Terugblik op eigen functioneren In het gesprek word ik bewogen door de impact van de gedwongen opname bij M, zijn angst voor herhaling en de angst bij V dat het terug komt. Betreffende mijn pastorale functioneren, probeer ik zodanig met hen in gesprek te gaan dat ze de angst bij elkaar horen en erkennen. Ethisch gezien heb ik geprobeerd het aspect van de verantwoordelijkheid naar elkaar te benoemen en bespreekbaar te maken.
Leereffecten Aangaande mezelf heb ik geleerd dat ik het lastig vind met twee gesprekpartners tegelijk in gesprek te zijn. Het is een soort balanceren en alert zijn dat aan allebei recht gedaan wordt, door voor beide oog te hebben. Over V en M als echtpaar, heb ik geleerd dat de ziekte en de gedwongen opname van M groot impact heeft op hun relatie. De
ontspannenheid is er af en er is dagelijkse zorg, vooral bij V. Betreffende mijn vak heb ik geleerd dat je als pastor de gelegenheid en tijd hebt om verder door te praten over wat ieder apart en hen samen bezig houdt. Ze zeggen allebei vertrouwen in mij te hebben. Aangaande ethisch correct gedrag merkte ik dat juist dit vertrouwen me extra alert maakte op wat ik zei. Als ik bijvoorbeeld bevestigd zou hebben dat M wellicht manisch-depressief is, dan zouden ze dat van mij hebben aangenomen.
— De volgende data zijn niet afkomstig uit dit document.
(* In the discrete first-price auction with $n=2$ bidders, in the model without ties, and with values drawn independently and uniformly from $X=\{0,1,\dots,x\}$, the symmetric equilibria are exactly $\beta(v)=\lfloor v/2\rfloor$ and $\beta(v)=\lceil v/2\rceil$.
   Context: Model. There are $n$ risk-neutral bidders competing for one indivisible object. Values and bids lie in $X=\{0,1,2,\dots,x\}$ for some $x\in\mathbb N$. Each bidder privately learns a value drawn independently and uniformly from $X$ (each value has probability $1/(x+1)$). Each bidder submits a bid in $X$. A (pure) strategy is a bidding function $\beta:X\to X$. In the model without ties, bidder $i$ wins iff $b_i>b_j$ for all $j\neq i$ (if the highest bid is tied, nobody wins). In the first-price auction, a bidder with value $v_i$ bidding $b_i$ gets expected payoff $(v_i-b_i)\Pr(i\text{ wins})$. An equilibrium is a profile of bidding functions such that each bidder's bidding function maximises their expected payoff given the others' bidding functions (a pure-strategy Bayes–Nash equilibrium) and such that no bidder uses a weakly dominated bidding function (a bidding function is weakly dominated if some other bidding function yields at least as high expected payoff against every profile of opponents' bidding functions, and strictly higher against some). A symmetric equilibrium (SE) is an equilibrium in which all bidders use the same bidding function. *)

theory Defs
  imports Complex_Main
begin

text \<open>A (pure) bidding function is a map X -> X,
  represented by a function nat => nat mapping {0..x} into {0..x} (values outside X are irrelevant).\<close>

definition strategy :: "nat \<Rightarrow> (nat \<Rightarrow> nat) \<Rightarrow> bool" where
  "strategy x \<beta> \<longleftrightarrow> (\<forall>v\<le>x. \<beta> v \<le> x)"

text \<open>Probability of winning with bid b when the opponent uses \<gamma>: the opponent's bid must be
  strictly lower (tied highest bids: nobody wins).\<close>
definition win_prob :: "nat \<Rightarrow> nat \<Rightarrow> (nat \<Rightarrow> nat) \<Rightarrow> real" where
  "win_prob x b \<gamma> = real (card {w. w \<le> x \<and> \<gamma> w < b}) / real (x + 1)"

definition payoff :: "nat \<Rightarrow> (nat \<Rightarrow> nat) \<Rightarrow> (nat \<Rightarrow> nat) \<Rightarrow> real" where
  "payoff x \<beta> \<gamma> = (\<Sum>v\<le>x. (1 / real (x + 1)) * ((real v - real (\<beta> v)) * win_prob x (\<beta> v) \<gamma>))"
lemma Lam_sum_bound:
  assumes a: "fact_sq_bounded M (g * x) a" and g: "0 \<le> g" and ch: "\<bar>ch\<bar> \<le> x"
  shows "\<bar>\<Sum>k = 0..n. a k * ch ^ (n - k) * fact k / (fact (n - k) * fact n)\<bar>
           \<le> M * ((g + 1) * x) ^ n / (fact n)\<^sup>2"
proof -
  have M: "0 \<le> M" using fact_sq_bounded_nonneg[OF a] .
  have x: "0 \<le> x" using ch by linarith
  have "\<bar>\<Sum>k = 0..n. a k * ch ^ (n - k) * fact k / (fact (n - k) * fact n)\<bar>
      \<le> (\<Sum>k = 0..n. \<bar>a k\<bar> * \<bar>ch\<bar> ^ (n - k) * (fact k / (fact (n - k) * fact n)))"
    by (rule order_trans[OF sum_abs]) (simp add: abs_mult power_abs)
  also have "\<dots> \<le> (\<Sum>k = 0..n. M * (g * x) ^ k / (fact k)\<^sup>2 * x ^ (n - k)
                                * (fact k / (fact (n - k) * fact n)))"
    using a ch x M g unfolding fact_sq_bounded_def
    by (intro sum_mono mult_right_mono mult_mono power_mono) auto
  \<comment> \<open>the weight \<open>k! / ((n - k)! n! (k!)\<^sup>2)\<close> is \<open>(n choose k) / (n!)\<^sup>2\<close>\<close>
  also have "\<dots> = (\<Sum>k = 0..n. M * x ^ n / (fact n)\<^sup>2 * (of_nat (n choose k) * g ^ k * 1 ^ (n - k)))"
  proof (rule sum.cong[OF refl])
    fix k assume "k \<in> {0..n}"
    then have kn: "k \<le> n" by simp
    have "fact k * fact (n - k) * real (n choose k) = fact n"
      by (metis binomial_fact_lemma[OF kn] of_nat_fact of_nat_mult)
    moreover have "x ^ n = x ^ k * x ^ (n - k)"
      using kn by (simp flip: power_add)
    ultimately show "M * (g * x) ^ k / (fact k)\<^sup>2 * x ^ (n - k) * (fact k / (fact (n - k) * fact n))
        = M * x ^ n / (fact n)\<^sup>2 * (of_nat (n choose k) * g ^ k * 1 ^ (n - k))"
      by (simp add: field_simps power2_eq_square power_mult_distrib)
  qed
  also have "\<dots> = M * x ^ n / (fact n)\<^sup>2 * (g + 1) ^ n"
    by (simp add: binomial_ring atLeast0AtMost sum_distrib_left[symmetric]
        sum_divide_distrib[symmetric] del: sum_divide_distrib)
  also have "\<dots> = M * ((g + 1) * x) ^ n / (fact n)\<^sup>2"
    by (simp add: power_mult_distrib)
  finally show ?thesis .
qed

lemma Lam_series_term_bound:
  assumes b: "fact_sq_bounded M (g * K * D) b" and g: "0 \<le> g" and c: "\<bar>c\<bar> \<le> K"
    and h: "0 \<le> h" "h \<le> D"
  shows "\<bar>b m * c ^ n * h ^ (n + m) * fact m / (fact (n + m) * fact n)\<bar>
           \<le> M * (K * D) ^ n / (fact n)\<^sup>2 * ((g * K * D\<^sup>2) ^ m / (fact m)\<^sup>2)"
proof -
  have M: "0 \<le> M" using fact_sq_bounded_nonneg[OF b] .
  have K: "0 \<le> K" using c by linarith
  define P where "P = M * g ^ m * K ^ (n + m) * D ^ (n + 2 * m)"
  have P: "0 \<le> P" unfolding P_def using M g K h by simp
  have "\<bar>b m * c ^ n * h ^ (n + m) * fact m / (fact (n + m) * fact n)\<bar>
      = \<bar>b m\<bar> * \<bar>c\<bar> ^ n * h ^ (n + m) * (fact m / (fact (n + m) * fact n))"
    using h by (simp add: abs_mult power_abs)
  also have "\<dots> \<le> M * (g * K * D) ^ m / (fact m)\<^sup>2 * K ^ n * D ^ (n + m)
                      * (fact m / (fact (n + m) * fact n))"
    using b c h K M g unfolding fact_sq_bounded_def
    by (intro mult_right_mono mult_mono power_mono) auto
  also have "\<dots> = P / (fact m * fact (n + m) * fact n)"
    unfolding P_def by (simp add: field_simps power2_eq_square power_mult_distrib power_add power_mult)
  also have "\<dots> \<le> P / (fact m * (fact n * fact m) * fact n)"
    using P fact_mult_le_fact_add[of n m] by (intro divide_left_mono mult_mono) auto
  also have "\<dots> = M * (K * D) ^ n / (fact n)\<^sup>2 * ((g * K * D\<^sup>2) ^ m / (fact m)\<^sup>2)"
    unfolding P_def by (simp add: field_simps power2_eq_square power_mult_distrib power_add power_mult)
  finally show ?thesis .
qed

lemma Lam_series_bound:
  assumes b: "fact_sq_bounded M (g * K * D) b" and g: "0 \<le> g" and c: "\<bar>c\<bar> \<le> K"
    and h: "0 \<le> h" "h \<le> D"
  shows "\<bar>\<Sum>k. b (Suc k) * c ^ n * h ^ (n + Suc k) * fact (Suc k) / (fact (n + Suc k) * fact n)\<bar>
           \<le> M * (K * D) ^ n / (fact n)\<^sup>2 * (bessel_I0 (2 * sqrt (g * K) * D) - 1)"
proof -
  define T where
    "T k = b (Suc k) * c ^ n * h ^ (n + Suc k) * fact (Suc k) / (fact (n + Suc k) * fact n)" for k
  define A where "A = M * (K * D) ^ n / (fact n)\<^sup>2"
  define v where "v k = (g * K * D\<^sup>2) ^ Suc k / (fact (Suc k))\<^sup>2" for k
  have "(sqrt (g * K) * D)\<^sup>2 = g * K * D\<^sup>2"
    using g c by (simp add: power_mult_distrib)
  then have I0: "bessel_I0 (2 * sqrt (g * K) * D) - 1 = suminf v"
    using bessel_I0_double_minus_1[of "sqrt (g * K) * D"] unfolding v_def by (simp only: mult.assoc)
  have v: "summable v"
    unfolding v_def by (intro summable_Suc_iff[THEN iffD2] summable_power_div_fact_sq)
  have T: "\<bar>T k\<bar> \<le> A * v k" for k
    unfolding T_def A_def v_def by (rule Lam_series_term_bound[OF b g c h])
  have Av: "summable (\<lambda>k. A * v k)" using summable_mult[OF v] .
  have absT: "summable (\<lambda>k. \<bar>T k\<bar>)"
    by (rule summable_rabs_comparison_test[OF _ Av]) (use T in auto)
  have "\<bar>suminf T\<bar> \<le> (\<Sum>k. \<bar>T k\<bar>)" by (rule summable_rabs[OF absT])
  also have "\<dots> \<le> (\<Sum>k. A * v k)" by (rule suminf_le[OF T absT Av])
  also have "\<dots> = A * suminf v" by (rule suminf_mult[OF v])
  finally show ?thesis unfolding T_def A_def I0 .
qed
'Actief respect' analyseren 'Actief respect' wordt in het pastoraat al doende bewerkt door de personen die men ontmoet als deel van een relationeel netwerk te behandelen én door de actuele (pastorale) relatie te eerbiedigen. Hoe dit verloopt, maak ik zichtbaar voor analyse door middel van de bejegeningskringloop van Cuvelier. Dit analytische kader toont het proces waarlangs verbondenheid tussen mensen tot stand komt: door betrokkenheid, erkenning, toegankelijkheid, laten bezinken, eerlijke antwoord, daadwerkelijke inzet en effectbesef. In Verbondenheid beschrijft Cuvelier hoe elke levensvorm, ook de mens ontstaat en zich interactief ontwikkelt5. Voor hem is “ethiek verantwoordelijkheid nemen voor de relatie” die door op elkaar gerichte communicatie ontstaat6. Hij noemt twee grondregels: laten zijn wat is, en alles wat zich verbindt, bevorderen. 'Laten zijn wat is' slaat op “het goede in stand houden” en “waar mogelijk de kwaliteit vergroten”. Verbindingen bevorderen door “de bezieling,
5 F. CUVELIER, Verbondenheid. Het ontstaan van menselijke relaties, Kapellen, Pelckmans; Baarn, Agora, 1998. 6 Ibid., 112-115.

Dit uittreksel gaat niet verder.